Coming from all directions

“That seemed like a flip from physics,” she recalls, “and I was concerned that I didn’t have the chemistry background for it.” But she soon discovered that the field “is so interdisciplinary; people come from a variety of directions” and bring different perspectives to the research.

She immediately became fascinated by the use of satellite data to study the atmosphere and its interactions. The timing was good: The first satellites measuring atmospheric pollution had been launched just a few years earlier.

One of the things measured by satellites was the concentration of carbon monoxide in the air. That compound “is produced from all kinds of combustion processes, and it’s a nice indicator because it stays in the atmosphere for about a month,” she says, “so we can use it to investigate the transport of plumes from sources to continents down-wind.”

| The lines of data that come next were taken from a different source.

lemma integral_le_tilted_mixture:
  assumes "Q \<in> ambiguity_set nu h T MX C xhat p thetahat rho eps"
  shows "(\<integral>z. F z \<partial>Q) \<le> (\<integral>z. F z \<partial>Qs)"
proof -
  obtain r \<theta> where Q: "Q = mixture_dist MX nu C xhat r (\<lambda>c. law (\<theta> c))"
    and r: "\<forall>c<C. r c \<ge> 0" "\<forall>c<C. p c = 0 \<longrightarrow> r c = 0" "(\<Sum>c<C. r c) = 1"
    and \<theta>: "\<forall>c<C. \<theta> c \<in> Theta" "\<forall>c<C. KL_div (law (\<theta> c)) (law (thetahat c)) \<le> ereal (rho c)"
    and budget: "(\<Sum>c<C. r c * ln (r c / p c)) + (\<Sum>c<C. rho c * r c) \<le> eps"
    using assms unfolding ambiguity_set_eq[OF p_nonneg p_sum] by blast
  have "(\<integral>z. F z \<partial>Q) = (\<Sum>c<C. r c * (Psi (l c) - mean (\<theta> c) \<bullet> l c))"
    unfolding Q using r \<theta> F_measurable F_atom by (intro integral_mixture_dist_affine) auto
  also have "\<dots> \<le> (\<Sum>c<C. r c * t c)"
  proof (intro sum_mono mult_left_mono)
    fix c assume "c \<in> {..<C}"
    then have "mean (thetas c) \<bullet> l c \<le> mean (\<theta> c) \<bullet> l c"
      using \<theta> thetahat_in gam_pos thetas_in gam_eq
      by (intro mean_inner_le_of_KL_le) (auto simp: thetas_def)
    then show "Psi (l c) - mean (\<theta> c) \<bullet> l c \<le> t c"
      using t_eq \<open>c \<in> {..<C}\<close> by simp
  qed (use r in auto)
  also have "\<dots> \<le> (\<Sum>c<C. q c * t c)"
    by (rule exp_tilting_maximal[OF p_nonneg beta_pos q_def q_sum q_moment r budget])
  also have "\<dots> = (\<integral>z. F z \<partial>Qs)"
    by (simp add: integral_tilted_mixture)
  finally show ?thesis .
qed

end

theorem theorem4p5:
  fixes nu :: "'y::euclidean_space measure" and Ycal :: "'y set"
    and h :: "'y \<Rightarrow> real" and T :: "'y \<Rightarrow> 'p::euclidean_space"
    and Xcal :: "'x::euclidean_space set" and Wcal :: "'w::euclidean_space set"
    and lam :: "'w \<Rightarrow> 'x \<Rightarrow> 'p"
    and C :: nat and xhat :: "nat \<Rightarrow> 'x" and phat :: "nat \<Rightarrow> real" and thetahat :: "nat \<Rightarrow> 'p"
    and rho :: "nat \<Rightarrow> real" and eps :: real and w :: 'w
    and gam :: "nat \<Rightarrow> real" and alpha beta :: real
    and thetas :: "nat \<Rightarrow> 'p" and ts :: "nat \<Rightarrow> real"
    and Psi :: "'p \<Rightarrow> real" and gradPsi :: "'p \<Rightarrow> 'p" and MX :: "'x measure"
  assumes nu_sets: "sets nu = sets (restrict_space borel Ycal)"
    and h_meas: "h \<in> borel_measurable nu" and h_nonneg: "\<forall>y\<in>space nu. h y \<ge> 0"
    and T_meas: "T \<in> borel_measurable nu"
    and regular: "regular_expfam nu h T"
    and Psi_def: "Psi \<equiv> expfam_Psi nu h T"
    and gradPsi_def: "gradPsi \<equiv> expfam_gradPsi nu h T"
    and MX_def: "MX \<equiv> restrict_space borel Xcal"
    and lam_cont: "continuous_on (Wcal \<times> Xcal) (\<lambda>(w, x). lam w x)"
    and lam_Theta: "\<forall>w'\<in>Wcal. \<forall>x\<in>Xcal. lam w' x \<in> expfam_Theta nu h T"
    and xhat_distinct: "inj_on xhat {..<C}"
    and xhat_in: "\<forall>c<C. xhat c \<in> Xcal"
    and phat_nonneg: "\<forall>c<C. phat c \<ge> 0" and phat_sum: "(\<Sum>c<C. phat c) = 1"
    and thetahat_in: "\<forall>c<C. thetahat c \<in> expfam_Theta nu h T"
    and rho_nonneg: "\<forall>c<C. rho c \<ge> 0" and eps_nonneg: "eps \<ge> 0"
    and budget: "(\<Sum>c<C. phat c * rho c) \<le> eps"
    and w_in: "w \<in> Wcal"
    and gam_pos: "\<forall>c<C. gam c > 0"
    and thetas_def: "thetas \<equiv> (\<lambda>c. thetahat c - inverse (gam c) *\<^sub>R lam w (xhat c))"
    and thetas_in: "\<forall>c<C. thetas c \<in> expfam_Theta nu h T"
    and gam_eq: "\<forall>c<C. Psi (thetas c) + inverse (gam c) * (gradPsi (thetas c) \<bullet> lam w (xhat c))
                        = Psi (thetahat c) - rho c"
    and ts_def: "ts \<equiv> (\<lambda>c. Psi (lam w (xhat c)) - gradPsi (thetas c) \<bullet> lam w (xhat c))"
    and beta_pos: "beta > 0"
    and eq1: "(\<Sum>c<C. phat c * exp (inverse beta * (ts c - alpha) - rho c - 1)) - 1 = 0"
    and eq2: "(\<Sum>c<C. phat c * (ts c - alpha) * exp (inverse beta * (ts c - alpha) - rho c - 1))
                - (eps + 1) * beta = 0"
  shows "mixture_dist MX nu C xhat
            (\<lambda>c. phat c * exp (inverse beta * (ts c - alpha) - rho c - 1))
            (\<lambda>c. expfam_dist nu h T (thetas c))
           \<in> ambiguity_set nu h T MX C xhat phat thetahat rho eps
       \<and> integrable (mixture_dist MX nu C xhat
            (\<lambda>c. phat c * exp (inverse beta * (ts c - alpha) - rho c - 1))
            (\<lambda>c. expfam_dist nu h T (thetas c))) (\<lambda>(x, y). ell_loss nu h T lam x y w)
       \<and> (\<forall>Q\<in>ambiguity_set nu h T MX C xhat phat thetahat rho eps.
            (\<integral>z. (\<lambda>(x, y). ell_loss nu h T lam x y w) z \<partial>Q)
            \<le> (\<integral>z. (\<lambda>(x, y). ell_loss nu h T lam x y w) z
                   \<partial>(mixture_dist MX nu C xhat
                       (\<lambda>c. phat c * exp (inverse beta * (ts c - alpha) - rho c - 1))
                       (\<lambda>c. expfam_dist nu h T (thetas c)))))"
proof -
  interpret expfam_atoms nu h T MX C xhat
  proof unfold_locales
    show "C > 0"
      using phat_sum by (cases C) auto
    show "\<forall>c<C. xhat c \<in> space MX" and "\<forall>c<C. {xhat c} \<in> sets MX"
      using xhat_in by (auto simp: MX_def space_restrict_space sets_restrict_space image_iff)
  qed (fact h_meas h_nonneg T_meas regular xhat_distinct)+
  define l where "l c = lam w (xhat c)" for c
  define q where "q = (\<lambda>c. phat c * exp (inverse beta * (ts c - alpha) - rho c - 1))"
  define F where "F = (\<lambda>(x, y). ell_loss nu h T lam x y w)"
  have grad: "\<forall>c<C. gradPsi (thetas c) = mean (thetas c)"
    using thetas_in by (simp add: gradPsi_def gradPsi_eq_mean)
  interpret kl_worst_case nu h T MX C xhat phat thetahat rho eps l gam alpha beta F thetas ts q
  proof unfold_locales
    show "F \<in> borel_measurable (MX \<Otimes>\<^sub>M nu)"
      unfolding F_def MX_def by (rule ell_loss_measurable[OF lam_cont lam_Theta w_in])
  qed (use phat_nonneg phat_sum thetahat_in gam_pos thetas_in gam_eq grad eq1 eq2 beta_pos in
        \<open>simp_all add: l_def q_def F_def thetas_def ts_def Psi_def ell_loss_def mult_ac\<close>)
  show ?thesis
    unfolding q_def[symmetric] F_def[symmetric]
    using tilted_mixture_in_ambiguity_set integral_tilted_mixture integral_le_tilted_mixture by blast
qed

end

Heald describes her current work as “trying to understand the sources, transformation, and impact of gases and particles in the atmosphere, which is very dynamic with a lot of chemical compounds that interact.” In a sense, she says, her focus is on figuring out what’s missing — where the holes are in models of the atmosphere, and how to fill those gaps. “I take an endpoint perspective,” she says. “I integrate the knowledge we have, and look for new ways to analyze the data to see what’s missing in our models.”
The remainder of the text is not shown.